# Line Integral Convolution (LIC) Requirements

I'm trying to plot some vector fields using LIC technique. More specifically, I'm using the Python solution for this kind of plot.

Before applying that approach, I was plotting my vectors as quiver. This give me results like this:

However, for large data, this technique is not recommended because the larger the data, the more compressed the arrows will be, and, consequently, the plot will get confusing and not readable.

Using LIC, however, I got the opposite result.
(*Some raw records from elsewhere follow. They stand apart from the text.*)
lemma face_perm_permutes: "face_perm E \<rho> permutes darts E"
  by (rule inj_imp_permutes)
    (auto simp: face_perm_def finite_darts[OF sg] face_succ_in_darts
      intro: inj_on_cong[THEN iffD1, OF _ inj_on_face_succ])

lemma permutation_face_perm: "permutation (face_perm E \<rho>)"
  using face_perm_permutes finite_darts[OF sg] by (rule permutes_imp_permutation[rotated])

lemma funpow_face_perm:
  assumes "d \<in> darts E"
  shows "(face_perm E \<rho> ^^ k) d = (face_succ \<rho> ^^ k) d"
proof (induction k)
  case (Suc k)
  have "(face_succ \<rho> ^^ k) d \<in> darts E"
    using Suc permutes_in_funpow_image[OF face_perm_permutes assms] by metis
  with Suc show ?case by (simp add: face_perm_def)
qed simp

lemma faces_eq_orbits: "faces E \<rho> = orbit (face_perm E \<rho>) ` darts E"
proof -
  have "orbit (face_perm E \<rho>) d = {(face_succ \<rho> ^^ k) d | k. True}" if "d \<in> darts E" for d
    unfolding orbit_altdef_permutation[OF permutation_face_perm] funpow_face_perm[OF that] by blast
  then show ?thesis unfolding faces_def by (auto simp: image_def)
qed

lemma faces_subset_darts: "f \<in> faces E \<rho> \<Longrightarrow> f \<subseteq> darts E"
  unfolding faces_eq_orbits using permutes_orbit_subset[OF face_perm_permutes] by blast

lemma finite_faces: "finite (faces E \<rho>)"
  unfolding faces_eq_orbits using finite_darts[OF sg] by blast

lemma finite_face: "f \<in> faces E \<rho> \<Longrightarrow> finite f"
  using faces_subset_darts finite_darts[OF sg] finite_subset by blast

lemma face_eq_orbit: "f \<in> faces E \<rho> \<Longrightarrow> x \<in> f \<Longrightarrow> f = orbit (face_perm E \<rho>) x"
proof -
  assume "f \<in> faces E \<rho>" "x \<in> f"
  then obtain d where "f = orbit (face_perm E \<rho>) d" unfolding faces_eq_orbits by blast
  moreover have "cyclic_on (face_perm E \<rho>) (orbit (face_perm E \<rho>) d)"
    by (rule cyclic_on_orbit[OF face_perm_permutes finite_darts[OF sg]])
  ultimately show ?thesis using \<open>x \<in> f\<close> orbit_cyclic_eq3 by metis
qed

lemma faces_disjoint:
  "f \<in> faces E \<rho> \<Longrightarrow> f' \<in> faces E \<rho> \<Longrightarrow> f \<noteq> f' \<Longrightarrow> f \<inter> f' = {}"
  using face_eq_orbit by blast

lemma Union_faces: "\<Union>(faces E \<rho>) = darts E"
proof
  show "\<Union>(faces E \<rho>) \<subseteq> darts E" using faces_subset_darts by blast
  have "d \<in> orbit (face_perm E \<rho>) d" for d by (rule permutation_self_in_orbit[OF permutation_face_perm])
  then show "darts E \<subseteq> \<Union>(faces E \<rho>)" unfolding faces_eq_orbits by blast
qed

lemma short_face_succ_involutive:
  assumes d: "d \<in> darts E" and short: "card {(face_succ \<rho> ^^ k) d | k. True} \<le> 2"
  shows "face_succ \<rho> (face_succ \<rho> d) = d"
proof (rule ccontr)
  let ?s = "face_succ \<rho>" and ?f = "{(face_succ \<rho> ^^ k) d | k. True}"
  assume "?s (?s d) \<noteq> d"
  moreover have "d \<noteq> ?s d"
    using d darts_irrefl[OF sg] by (cases d) (simp add: face_succ_def)
  moreover from this have "?s d \<noteq> ?s (?s d)"
    using d face_succ_in_darts inj_on_face_succ by (metis inj_onD)
  ultimately have "card {d, ?s d, ?s (?s d)} = 3" by simp
  have "(?s ^^ k) d \<in> ?f" for k by blast
  from this[of 0] this[of 1] this[of 2] have "{d, ?s d, ?s (?s d)} \<subseteq> ?f"
    by (simp add: numeral_2_eq_2)
  moreover have "?f \<in> faces E \<rho>" using d unfolding faces_def by blast
  ultimately have "card {d, ?s d, ?s (?s d)} \<le> card ?f" by (intro card_mono finite_face)
  with \<open>card {d, ?s d, ?s (?s d)} = 3\<close> short show False by simp
qed

lemma sum_card_faces: "(\<Sum>f\<in>faces E \<rho>. card f) = 2 * card E"
proof -
  have "(\<Sum>f\<in>faces E \<rho>. card f) = card (\<Union>(faces E \<rho>))"
    by (rule card_Union_disjoint[symmetric])
      (auto simp: pairwise_def disjnt_def faces_disjoint finite_face)
  then show ?thesis by (simp add: Union_faces card_darts[OF sg])
qed

end

lemma faces_cong:
  assumes sg: "simple_graph V E" and rs: "rotation_system V E \<rho>" and rs': "rotation_system V E \<rho>'"
    and agree: "\<forall>u\<in>V. \<forall>v\<in>nbrs E u. \<rho> u v = \<rho>' u v"
  shows "faces E \<rho> = faces E \<rho>'"
proof -
  have "face_succ \<rho> (u, v) = face_succ \<rho>' (u, v)" if uv: "(u, v) \<in> darts E" for u v
  proof -
    have "v \<in> V" using uv darts_subset[OF sg] by blast
    moreover have "u \<in> nbrs E v" using uv by (simp add: in_darts_iff_nbrs nbrs_sym)
    ultimately show ?thesis using agree by (simp add: face_succ_def)
  qed
  then have "face_perm E \<rho> = face_perm E \<rho>'" by (auto simp: face_perm_def)
  then show ?thesis using faces_eq_orbits[OF sg rs] faces_eq_orbits[OF sg rs'] by simp
qed

lemma rotation_fixpoint_imp_nbrs_singleton:
  assumes rs: "rotation_system V E \<rho>" and "u \<in> V" "v \<in> nbrs E u" "\<rho> u v = v"
  shows "nbrs E u = {v}"
proof -
  have "(\<rho> u ^^ k) v = v" for k using assms(4) by (induction k) auto
  then show ?thesis using rotation_system_cyclic[OF rs assms(2,3)] assms(3) by blast
qed

lemma connected_graph_single_edge:
  assumes "connected_graph V E" "u \<in> V" "nbrs E u = {v}" "nbrs E v = {u}"
  shows "V \<subseteq> {u, v}"
proof
  fix x assume "x \<in> V"
  with assms(1,2) have "(u, x) \<in> {(x, y). {x, y} \<in> E}\<^sup>*" unfolding connected_graph_def by blast
  then show "x \<in> {u, v}"
  proof (induction rule: rtrancl_induct)
    case (step y z)
    then have "z \<in> nbrs E y" by (simp add: nbrs_def)
    with step.IH assms(3,4) show ?case by auto
  qed simp
qed

text \<open>A face with at most two darts traverses a single edge back and forth, which then forms a
  whole component.\<close>
lemma card_face_ge_3:
  assumes sg: "simple_graph V E" and rs: "rotation_system V E \<rho>" and conn: "connected_graph V E"
    and x: "x \<in> V" "2 \<le> degree E x" and f: "f \<in> faces E \<rho>"
  shows "3 \<le> card f"
proof (rule ccontr)
  assume "\<not> 3 \<le> card f"
  moreover obtain d where d: "d \<in> darts E" "f = {(face_succ \<rho> ^^ k) d | k. True}"
    using f unfolding faces_def by blast
  ultimately have "face_succ \<rho> (face_succ \<rho> d) = d"
    using short_face_succ_involutive[OF sg rs] by simp
  moreover obtain u v where uv: "d = (u, v)" by fastforce
  ultimately have "\<rho> v u = u" "\<rho> u v = v" by (auto simp: face_succ_def)
  moreover have "u \<in> V" "v \<in> V" using d(1) uv darts_subset[OF sg] by auto
  moreover have "v \<in> nbrs E u" "u \<in> nbrs E v"
    using d(1) uv by (simp_all add: in_darts_iff_nbrs nbrs_sym)
  ultimately have "nbrs E v = {u}" "nbrs E u = {v}"
    using rotation_fixpoint_imp_nbrs_singleton[OF rs] by blast+
  moreover have "x \<in> {u, v}"
    using connected_graph_single_edge[OF conn \<open>u \<in> V\<close>] calculation x(1) by blast
  ultimately have "degree E x = 1" by (auto simp: degree_def)
  with x(2) show False by simp
qed

lemma card_fst_fiber_le_1:
  assumes "finite Q" "card (fst ` Q) = card Q"
  shows "card (Q \<inter> {x} \<times> A) \<le> 1"
proof -
  have "inj_on fst (Q \<inter> {x} \<times> A)"
    using eq_card_imp_inj_on[OF assms] by (rule inj_on_subset) blast
  then have "card (Q \<inter> {x} \<times> A) = card (fst ` (Q \<inter> {x} \<times> A))" by (rule card_image[symmetric])
  also have "\<dots> \<le> card {x}" by (rule card_mono) auto
  finally show ?thesis by simp
qed

text \<open>Summing face lengths gives \<open>2|E| \<ge> 2|V| + 3(|F| - 2)\<close>, which together with Euler's
  formula \<open>|F| = 2 - |V| + |E|\<close> forces \<open>|F| = 2\<close> and \<open>|E| = |V|\<close>.\<close>
lemma two_covering_faces:
  assumes sg: "simple_graph V E" and rs: "rotation_system V E \<rho>" and conn: "connected_graph V E"
    and x: "x \<in> V" "2 \<le> degree E x"
    and euler: "int (card V) - int (card E) + int (card (faces E \<rho>)) = 2"
    and O1: "O1 \<in> faces E \<rho>" "fst ` O1 = V" and O2: "O2 \<in> faces E \<rho>" "fst ` O2 = V"
    and "O1 \<noteq> O2"
  shows "faces E \<rho> = {O1, O2}" "card O1 = card V" "card O2 = card V"
proof -
  let ?F = "faces E \<rho>" and ?R = "faces E \<rho> - {O1, O2}"
  have fin: "finite ?F" by (rule finite_faces[OF sg rs])
  have "card V \<le> card O1" "card V \<le> card O2"
    using card_image_le[OF finite_face[OF sg rs O1(1)], of fst]
      card_image_le[OF finite_face[OF sg rs O2(1)], of fst] O1(2) O2(2) by simp_all
  moreover have "3 * card ?R \<le> (\<Sum>f\<in>?R. card f)"
    using sum_bounded_below[of ?R 3 card] card_face_ge_3[OF sg rs conn x] by auto
  moreover have "(\<Sum>f\<in>?F. card f) = card O1 + card O2 + (\<Sum>f\<in>?R. card f)"
  proof -
    have "O2 \<in> ?F - {O1}" "?F - {O1} - {O2} = ?R" using O2(1) \<open>O1 \<noteq> O2\<close> by auto
    then show ?thesis
      using sum.remove[OF fin O1(1), of card] sum.remove[of "?F - {O1}" O2 card] fin by simp
  qed
  moreover have "card ?R = card ?F - 2"
    using O1(1) O2(1) \<open>O1 \<noteq> O2\<close> fin by (simp add: card_Diff_subset)
  moreover have "2 \<le> card ?F"
    using O1(1) O2(1) \<open>O1 \<noteq> O2\<close> card_mono[OF fin, of "{O1, O2}"] by simp
  ultimately have "card ?R = 0" "card O1 = card V" "card O2 = card V"
    using sum_card_faces[OF sg rs] euler by linarith+
  then show "?F = {O1, O2}" "card O1 = card V" "card O2 = card V"
    using fin O1(1) O2(1) by auto
qed

lemma outer_face_unique:
  assumes sg: "simple_graph V E" and conn: "connected_graph V E"
    and emb: "outerplanar_embedding V E \<rho> O1"
    and O2: "O2 \<in> faces E \<rho>" "fst ` O2 = V"
    and x: "x \<in> V" "3 \<le> degree E x"
  shows "O2 = O1"
proof (rule ccontr)
  assume "O2 \<noteq> O1"
  from emb have rs: "rotation_system V E \<rho>" and O1: "O1 \<in> faces E \<rho>" "fst ` O1 = V"
    and euler: "int (card V) - int (card E) + int (card (faces E \<rho>)) = 2"
    unfolding outerplanar_embedding_def plane_embedding_def by auto
  have x2: "2 \<le> degree E x" using x(2) by simp
  note covering = two_covering_faces[OF sg rs conn x(1) x2 euler O1 O2 \<open>O2 \<noteq> O1\<close>[symmetric]]
  let ?out = "{x} \<times> nbrs E x"
  have "?out \<subseteq> O1 \<union> O2"
    using Union_faces[OF sg rs] covering(1) by (auto simp: in_darts_iff_nbrs)
  then have "?out = O1 \<inter> ?out \<union> O2 \<inter> ?out" by blast
  then have "card ?out \<le> card (O1 \<inter> ?out) + card (O2 \<inter> ?out)"
    by (metis card_Un_le)
  also have "\<dots> \<le> 2"
    using card_fst_fiber_le_1[OF finite_face[OF sg rs O1(1)], of x "nbrs E x"]
      card_fst_fiber_le_1[OF finite_face[OF sg rs O2(1)], of x "nbrs E x"]
      O1(2) O2(2) covering(2,3) by simp
  finally show False using x(2) by (simp add: degree_def card_cartesian_product_singleton)
qed

lemma consistent_extension_rotation:
  assumes ce: "consistent_extension V E \<rho> p q a b \<rho>' O'"
    and pV: "p \<in> V" and qV: "q \<in> V"
    and "p \<noteq> q" and new: "{p, q} \<notin> E" and a: "a \<in> nbrs E p" and b: "b \<in> nbrs E q"
    and u: "u \<in> V" and v: "v \<in> nbrs (insert {p, q} E) u"
  shows "\<rho>' u v =
    (if (u, v) = (p, a) then q else if (u, v) = (p, q) then \<rho> p a
     else if (u, v) = (q, b) then p else if (u, v) = (q, p) then \<rho> q b else \<rho> u v)"
proof -
  let ?E = "insert {p, q} E"
  from ce have rs: "rotation_system V ?E \<rho>'" and pa: "\<rho>' p a = q" and qb: "\<rho>' q b = p"
    and restrict: "\<And>u v. u \<in> V \<Longrightarrow> v \<in> nbrs E u \<Longrightarrow>
      \<rho> u v = (if (u = p \<and> \<rho>' u v = q) \<or> (u = q \<and> \<rho>' u v = p) then \<rho>' u (\<rho>' u v) else \<rho>' u v)"
    unfolding consistent_extension_def outerplanar_embedding_def plane_embedding_def by auto
  have inj: "inj_on (\<rho>' w) (nbrs ?E w)" if "w \<in> V" for w
    using rotation_system_bij[OF rs that] by (rule bij_betw_imp_inj_on)
  have "a \<noteq> q" "b \<noteq> p" using new a b by (auto simp: nbrs_def insert_commute)
  have "\<rho>' p q = \<rho> p a" using restrict[OF pV a] pa by simp
  moreover have "\<rho>' q p = \<rho> q b" using restrict[OF qV b] qb \<open>p \<noteq> q\<close> by simp
  moreover have "\<rho>' u v = \<rho> u v" if "v \<in> nbrs E u" "(u, v) \<noteq> (p, a)" "(u, v) \<noteq> (q, b)"
  proof -
    have "\<rho>' p v \<noteq> q" if "u = p"
      using inj_onD[OF inj[OF pV], of v a] pa \<open>(u, v) \<noteq> (p, a)\<close> \<open>v \<in> nbrs E u\<close> \<open>u = p\<close> a
      by (auto simp: nbrs_def)
    moreover have "\<rho>' q v \<noteq> p" if "u = q"
      using inj_onD[OF inj[OF qV], of v b] qb \<open>(u, v) \<noteq> (q, b)\<close> \<open>v \<in> nbrs E u\<close> \<open>u = q\<close> b
      by (auto simp: nbrs_def)
    ultimately show ?thesis using restrict[OF u \<open>v \<in> nbrs E u\<close>] by auto
  qed
  moreover have "v \<in> nbrs E u \<or> (u, v) = (p, q) \<or> (u, v) = (q, p)"
    using v by (auto simp: nbrs_def doubleton_eq_iff)
  ultimately show ?thesis using pa qb \<open>p \<noteq> q\<close> \<open>a \<noteq> q\<close> \<open>b \<noteq> p\<close> by auto
qed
I get a poor resolution for my plot and it is hard to understand the flow behavior.

Both plots are from a 61 x 61 vector field.

I really would like to use LIC, however, I'm wondering if there is a data size requirement to get good results.

Is there an approach to solve this problem?

Thank you.

• Can't you use quiver but skip some rows/columns while plotting? Like examples 5 and 3 here. – nicoguaro Aug 12 '14 at 23:20
• Yes, this definitely is a possible solution. However, I was asked to use LIC somehow. – pceccon Aug 12 '14 at 23:24
• Another thing is that I'm merging this plot with another information, such as sources, sinks, saddles... Using LIC a get a "clear" plot. – pceccon Aug 12 '14 at 23:43
• Is it possible to share your vector field data ? – SAAD Sep 2 '14 at 13:34
• Of course, @SAAD. (: However, I didn't save this data, so I generated a new one (and edited the question images). Here is the code (from Scipy) and images: dropbox.com/sh/ped312ur604357r/AACQGloHDAy8I2C6HITFzjqza?dl=0 – pceccon Sep 2 '14 at 18:40

LIC is very good for visualizing such fields, but what is the texture warped here? First of all, use LIC with white noise in the very beginning. You could then try Perlin noise and similar. There are also other variants of information, such as the coherence directions, which would give you a better idea of the flow field. You could check out this work of mine for an interesting application.

Well, it seems that there is a size requirement to get a good resolution I'm not sure if that is the properly way to solve this, but it worked for me.

What I did was to interpolate the x and y components of the vector field. Talking about Python, this can be done using the scipy.ndimage.zoom function.

As an example, I had this vector field (100 x 100):

Which results in this LIC image:

Using an interpolation with factor 4, I'm able to get this result from LIC:

(: